Your instructions: In the entries below, find the line with "q) - a * u\<^sup>2)" and the line with "by \<open>a\<close> and \<open>u\<close>\<close>". Print those two and everything between them exactly, and nothing else.

Supplied information:
**********

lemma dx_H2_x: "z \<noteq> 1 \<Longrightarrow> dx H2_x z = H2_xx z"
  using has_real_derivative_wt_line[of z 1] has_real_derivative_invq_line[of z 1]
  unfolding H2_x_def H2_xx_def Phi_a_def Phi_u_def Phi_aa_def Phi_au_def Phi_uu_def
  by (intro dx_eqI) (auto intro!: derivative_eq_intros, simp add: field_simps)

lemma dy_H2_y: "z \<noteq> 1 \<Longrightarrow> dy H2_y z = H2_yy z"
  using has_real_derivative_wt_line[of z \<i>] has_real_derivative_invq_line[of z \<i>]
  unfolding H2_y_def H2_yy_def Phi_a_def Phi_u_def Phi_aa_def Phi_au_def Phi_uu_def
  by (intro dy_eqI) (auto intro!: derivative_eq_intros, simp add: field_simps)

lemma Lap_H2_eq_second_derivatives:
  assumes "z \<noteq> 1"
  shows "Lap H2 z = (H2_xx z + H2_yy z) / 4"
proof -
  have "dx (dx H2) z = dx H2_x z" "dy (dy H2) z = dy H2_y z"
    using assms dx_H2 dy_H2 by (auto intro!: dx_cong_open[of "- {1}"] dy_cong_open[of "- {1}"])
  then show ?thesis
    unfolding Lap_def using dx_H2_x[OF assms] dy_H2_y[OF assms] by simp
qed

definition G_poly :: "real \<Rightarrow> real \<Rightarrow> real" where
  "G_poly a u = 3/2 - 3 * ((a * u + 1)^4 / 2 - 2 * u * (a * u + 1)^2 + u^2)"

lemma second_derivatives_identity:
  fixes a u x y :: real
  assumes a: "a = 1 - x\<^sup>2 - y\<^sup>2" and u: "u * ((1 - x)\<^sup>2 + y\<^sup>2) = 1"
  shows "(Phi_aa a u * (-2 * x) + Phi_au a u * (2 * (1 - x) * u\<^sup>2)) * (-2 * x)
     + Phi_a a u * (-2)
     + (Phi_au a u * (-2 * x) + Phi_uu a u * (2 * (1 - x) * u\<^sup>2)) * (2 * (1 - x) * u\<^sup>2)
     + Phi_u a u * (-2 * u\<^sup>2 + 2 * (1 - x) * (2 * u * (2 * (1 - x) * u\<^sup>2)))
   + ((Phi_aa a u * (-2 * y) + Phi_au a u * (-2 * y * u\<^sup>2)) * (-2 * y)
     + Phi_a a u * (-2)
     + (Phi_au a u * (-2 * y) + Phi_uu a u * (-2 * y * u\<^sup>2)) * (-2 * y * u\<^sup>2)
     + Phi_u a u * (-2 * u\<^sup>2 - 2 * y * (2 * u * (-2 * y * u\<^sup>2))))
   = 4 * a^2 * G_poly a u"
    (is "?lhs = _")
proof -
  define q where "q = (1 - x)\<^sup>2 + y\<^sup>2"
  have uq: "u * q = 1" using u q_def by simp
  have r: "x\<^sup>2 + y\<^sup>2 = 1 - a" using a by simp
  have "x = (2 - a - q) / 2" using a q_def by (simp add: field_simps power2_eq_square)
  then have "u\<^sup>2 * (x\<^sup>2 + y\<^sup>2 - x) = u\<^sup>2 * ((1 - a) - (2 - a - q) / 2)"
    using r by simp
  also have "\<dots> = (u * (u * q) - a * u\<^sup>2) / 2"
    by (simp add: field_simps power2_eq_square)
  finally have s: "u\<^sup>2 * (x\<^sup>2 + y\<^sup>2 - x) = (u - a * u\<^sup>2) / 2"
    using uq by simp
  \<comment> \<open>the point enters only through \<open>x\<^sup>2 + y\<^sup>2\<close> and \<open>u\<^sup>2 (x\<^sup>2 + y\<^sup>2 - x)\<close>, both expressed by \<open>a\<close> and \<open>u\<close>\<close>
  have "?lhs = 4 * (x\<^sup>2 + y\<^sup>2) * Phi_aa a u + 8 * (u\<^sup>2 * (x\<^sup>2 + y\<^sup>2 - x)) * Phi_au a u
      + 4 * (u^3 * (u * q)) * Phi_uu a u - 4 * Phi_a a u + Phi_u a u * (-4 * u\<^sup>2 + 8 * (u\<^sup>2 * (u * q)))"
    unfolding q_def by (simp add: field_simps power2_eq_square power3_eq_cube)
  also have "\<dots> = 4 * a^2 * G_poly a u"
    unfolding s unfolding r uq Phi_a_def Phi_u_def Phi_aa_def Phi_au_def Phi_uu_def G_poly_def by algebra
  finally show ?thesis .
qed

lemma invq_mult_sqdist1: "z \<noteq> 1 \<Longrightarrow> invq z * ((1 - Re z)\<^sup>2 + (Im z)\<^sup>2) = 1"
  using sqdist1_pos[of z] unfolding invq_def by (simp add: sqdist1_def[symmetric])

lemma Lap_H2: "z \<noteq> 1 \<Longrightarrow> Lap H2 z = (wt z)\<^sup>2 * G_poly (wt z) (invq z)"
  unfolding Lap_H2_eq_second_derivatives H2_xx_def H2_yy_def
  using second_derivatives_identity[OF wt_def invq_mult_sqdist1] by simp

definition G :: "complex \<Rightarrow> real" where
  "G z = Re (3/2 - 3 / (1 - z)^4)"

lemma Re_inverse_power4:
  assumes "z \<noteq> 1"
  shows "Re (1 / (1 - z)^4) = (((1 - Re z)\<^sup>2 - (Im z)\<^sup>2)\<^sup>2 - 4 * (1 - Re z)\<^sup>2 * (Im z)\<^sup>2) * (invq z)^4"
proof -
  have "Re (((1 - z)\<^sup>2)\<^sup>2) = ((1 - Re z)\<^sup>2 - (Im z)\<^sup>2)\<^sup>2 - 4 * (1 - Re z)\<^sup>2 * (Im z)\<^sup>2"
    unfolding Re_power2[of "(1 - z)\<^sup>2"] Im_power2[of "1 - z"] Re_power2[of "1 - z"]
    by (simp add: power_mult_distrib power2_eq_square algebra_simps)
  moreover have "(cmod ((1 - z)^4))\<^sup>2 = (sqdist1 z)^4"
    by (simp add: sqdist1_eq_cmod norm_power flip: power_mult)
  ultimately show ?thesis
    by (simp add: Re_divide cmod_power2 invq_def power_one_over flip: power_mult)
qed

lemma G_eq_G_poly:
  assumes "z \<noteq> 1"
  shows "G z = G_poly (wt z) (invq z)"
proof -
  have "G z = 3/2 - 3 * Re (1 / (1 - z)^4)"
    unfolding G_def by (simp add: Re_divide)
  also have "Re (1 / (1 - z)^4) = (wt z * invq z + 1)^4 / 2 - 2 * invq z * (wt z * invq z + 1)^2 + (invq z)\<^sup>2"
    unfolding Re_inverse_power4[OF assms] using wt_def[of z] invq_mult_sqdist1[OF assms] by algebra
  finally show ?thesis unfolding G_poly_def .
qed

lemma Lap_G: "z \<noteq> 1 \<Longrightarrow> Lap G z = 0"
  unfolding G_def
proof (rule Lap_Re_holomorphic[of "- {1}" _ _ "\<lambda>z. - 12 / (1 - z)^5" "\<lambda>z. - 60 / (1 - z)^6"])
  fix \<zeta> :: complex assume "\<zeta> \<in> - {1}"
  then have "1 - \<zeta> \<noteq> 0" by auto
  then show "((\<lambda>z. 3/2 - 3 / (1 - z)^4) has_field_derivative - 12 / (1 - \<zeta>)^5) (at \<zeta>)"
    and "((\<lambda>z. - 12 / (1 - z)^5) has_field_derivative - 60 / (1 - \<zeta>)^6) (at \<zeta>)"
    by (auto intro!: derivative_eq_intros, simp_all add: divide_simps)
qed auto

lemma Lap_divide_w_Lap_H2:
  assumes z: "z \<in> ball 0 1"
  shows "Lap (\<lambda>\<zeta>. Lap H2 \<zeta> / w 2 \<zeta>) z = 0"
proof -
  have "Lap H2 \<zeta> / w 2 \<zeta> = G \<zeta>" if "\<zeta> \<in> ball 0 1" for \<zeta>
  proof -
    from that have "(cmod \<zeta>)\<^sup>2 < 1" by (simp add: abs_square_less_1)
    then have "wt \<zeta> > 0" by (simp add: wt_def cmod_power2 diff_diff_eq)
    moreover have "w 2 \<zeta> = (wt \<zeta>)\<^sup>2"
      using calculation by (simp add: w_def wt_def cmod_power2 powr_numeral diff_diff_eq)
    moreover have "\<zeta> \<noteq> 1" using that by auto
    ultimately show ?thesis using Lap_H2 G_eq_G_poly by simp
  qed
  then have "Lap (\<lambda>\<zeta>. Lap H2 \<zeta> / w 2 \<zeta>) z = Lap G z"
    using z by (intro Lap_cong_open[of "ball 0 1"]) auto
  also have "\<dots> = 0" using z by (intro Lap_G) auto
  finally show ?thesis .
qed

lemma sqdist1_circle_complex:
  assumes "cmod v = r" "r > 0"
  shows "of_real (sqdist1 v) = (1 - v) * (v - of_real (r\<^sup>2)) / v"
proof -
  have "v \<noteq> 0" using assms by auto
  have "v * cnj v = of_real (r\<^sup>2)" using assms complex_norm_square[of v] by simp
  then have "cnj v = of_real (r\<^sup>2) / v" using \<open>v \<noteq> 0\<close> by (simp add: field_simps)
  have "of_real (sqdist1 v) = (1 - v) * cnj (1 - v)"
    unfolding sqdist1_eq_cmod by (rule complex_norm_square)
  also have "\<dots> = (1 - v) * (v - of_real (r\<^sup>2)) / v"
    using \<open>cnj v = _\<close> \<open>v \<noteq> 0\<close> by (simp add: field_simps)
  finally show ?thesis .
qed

**********

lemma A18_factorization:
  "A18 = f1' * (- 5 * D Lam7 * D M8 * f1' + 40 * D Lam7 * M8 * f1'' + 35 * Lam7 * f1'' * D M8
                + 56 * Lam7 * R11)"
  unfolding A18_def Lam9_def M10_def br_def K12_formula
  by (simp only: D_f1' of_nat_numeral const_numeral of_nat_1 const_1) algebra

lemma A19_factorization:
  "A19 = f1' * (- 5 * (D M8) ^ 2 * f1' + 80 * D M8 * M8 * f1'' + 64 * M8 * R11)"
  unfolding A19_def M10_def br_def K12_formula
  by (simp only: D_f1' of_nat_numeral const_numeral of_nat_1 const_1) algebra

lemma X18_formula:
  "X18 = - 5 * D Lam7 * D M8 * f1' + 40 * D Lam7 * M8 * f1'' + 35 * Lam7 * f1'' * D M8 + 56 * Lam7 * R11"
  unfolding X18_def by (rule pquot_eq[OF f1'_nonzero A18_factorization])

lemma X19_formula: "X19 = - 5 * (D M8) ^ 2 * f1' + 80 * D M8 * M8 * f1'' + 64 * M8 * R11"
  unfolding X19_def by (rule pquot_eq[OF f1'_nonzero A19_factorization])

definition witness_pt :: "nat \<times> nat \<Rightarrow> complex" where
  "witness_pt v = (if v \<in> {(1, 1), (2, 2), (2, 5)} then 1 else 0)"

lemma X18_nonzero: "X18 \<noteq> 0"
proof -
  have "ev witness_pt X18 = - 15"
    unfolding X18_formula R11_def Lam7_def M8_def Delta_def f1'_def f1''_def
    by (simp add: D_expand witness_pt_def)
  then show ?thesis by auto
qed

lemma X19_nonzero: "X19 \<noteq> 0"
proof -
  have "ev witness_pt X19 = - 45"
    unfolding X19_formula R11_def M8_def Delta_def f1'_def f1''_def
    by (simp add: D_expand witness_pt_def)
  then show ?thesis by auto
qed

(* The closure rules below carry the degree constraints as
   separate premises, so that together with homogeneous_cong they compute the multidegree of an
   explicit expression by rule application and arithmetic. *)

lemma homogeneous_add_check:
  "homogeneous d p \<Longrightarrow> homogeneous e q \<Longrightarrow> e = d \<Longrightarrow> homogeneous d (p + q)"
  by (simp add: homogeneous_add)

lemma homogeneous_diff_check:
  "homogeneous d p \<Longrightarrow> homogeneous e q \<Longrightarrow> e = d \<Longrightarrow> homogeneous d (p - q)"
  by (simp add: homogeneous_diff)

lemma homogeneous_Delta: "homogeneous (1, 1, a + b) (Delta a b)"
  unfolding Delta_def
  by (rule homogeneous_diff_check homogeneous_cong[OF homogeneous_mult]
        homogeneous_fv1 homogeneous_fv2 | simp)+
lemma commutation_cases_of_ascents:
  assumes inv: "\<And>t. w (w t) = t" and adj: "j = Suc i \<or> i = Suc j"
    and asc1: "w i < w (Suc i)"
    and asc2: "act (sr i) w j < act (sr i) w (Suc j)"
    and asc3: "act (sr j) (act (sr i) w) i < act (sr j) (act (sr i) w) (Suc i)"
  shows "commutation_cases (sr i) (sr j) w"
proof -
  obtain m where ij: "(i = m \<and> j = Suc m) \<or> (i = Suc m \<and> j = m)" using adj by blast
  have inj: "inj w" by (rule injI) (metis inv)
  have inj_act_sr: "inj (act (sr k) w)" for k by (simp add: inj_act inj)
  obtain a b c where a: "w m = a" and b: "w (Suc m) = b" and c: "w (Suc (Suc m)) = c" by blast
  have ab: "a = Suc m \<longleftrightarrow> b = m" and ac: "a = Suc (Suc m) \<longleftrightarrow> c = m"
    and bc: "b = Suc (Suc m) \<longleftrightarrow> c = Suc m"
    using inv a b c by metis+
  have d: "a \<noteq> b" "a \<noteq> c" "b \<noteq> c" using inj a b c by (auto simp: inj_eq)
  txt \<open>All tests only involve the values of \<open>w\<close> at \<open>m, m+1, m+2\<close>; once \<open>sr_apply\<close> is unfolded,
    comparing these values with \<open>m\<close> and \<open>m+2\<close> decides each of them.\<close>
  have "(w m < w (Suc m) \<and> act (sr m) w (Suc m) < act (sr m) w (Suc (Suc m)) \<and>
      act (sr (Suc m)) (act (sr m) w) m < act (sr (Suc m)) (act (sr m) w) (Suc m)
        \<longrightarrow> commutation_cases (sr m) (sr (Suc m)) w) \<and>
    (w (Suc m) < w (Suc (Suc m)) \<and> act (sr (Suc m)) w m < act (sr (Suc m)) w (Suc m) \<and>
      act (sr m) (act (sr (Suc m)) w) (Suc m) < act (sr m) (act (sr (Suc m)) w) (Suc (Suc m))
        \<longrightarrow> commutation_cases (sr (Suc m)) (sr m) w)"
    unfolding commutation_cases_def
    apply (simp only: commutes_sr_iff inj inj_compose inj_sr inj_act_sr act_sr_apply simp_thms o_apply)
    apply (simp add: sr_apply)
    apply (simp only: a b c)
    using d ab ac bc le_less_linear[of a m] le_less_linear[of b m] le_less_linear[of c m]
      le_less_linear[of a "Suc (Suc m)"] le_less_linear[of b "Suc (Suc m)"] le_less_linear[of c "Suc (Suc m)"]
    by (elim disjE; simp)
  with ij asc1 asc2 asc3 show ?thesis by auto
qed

**********

Response:
  also have "\<dots> = (u * (u * q) - a * u\<^sup>2) / 2"
    by (simp add: field_simps power2_eq_square)
  finally have s: "u\<^sup>2 * (x\<^sup>2 + y\<^sup>2 - x) = (u - a * u\<^sup>2) / 2"
    using uq by simp
  \<comment> \<open>the point enters only through \<open>x\<^sup>2 + y\<^sup>2\<close> and \<open>u\<^sup>2 (x\<^sup>2 + y\<^sup>2 - x)\<close>, both expressed by \<open>a\<close> and \<open>u\<close>\<close>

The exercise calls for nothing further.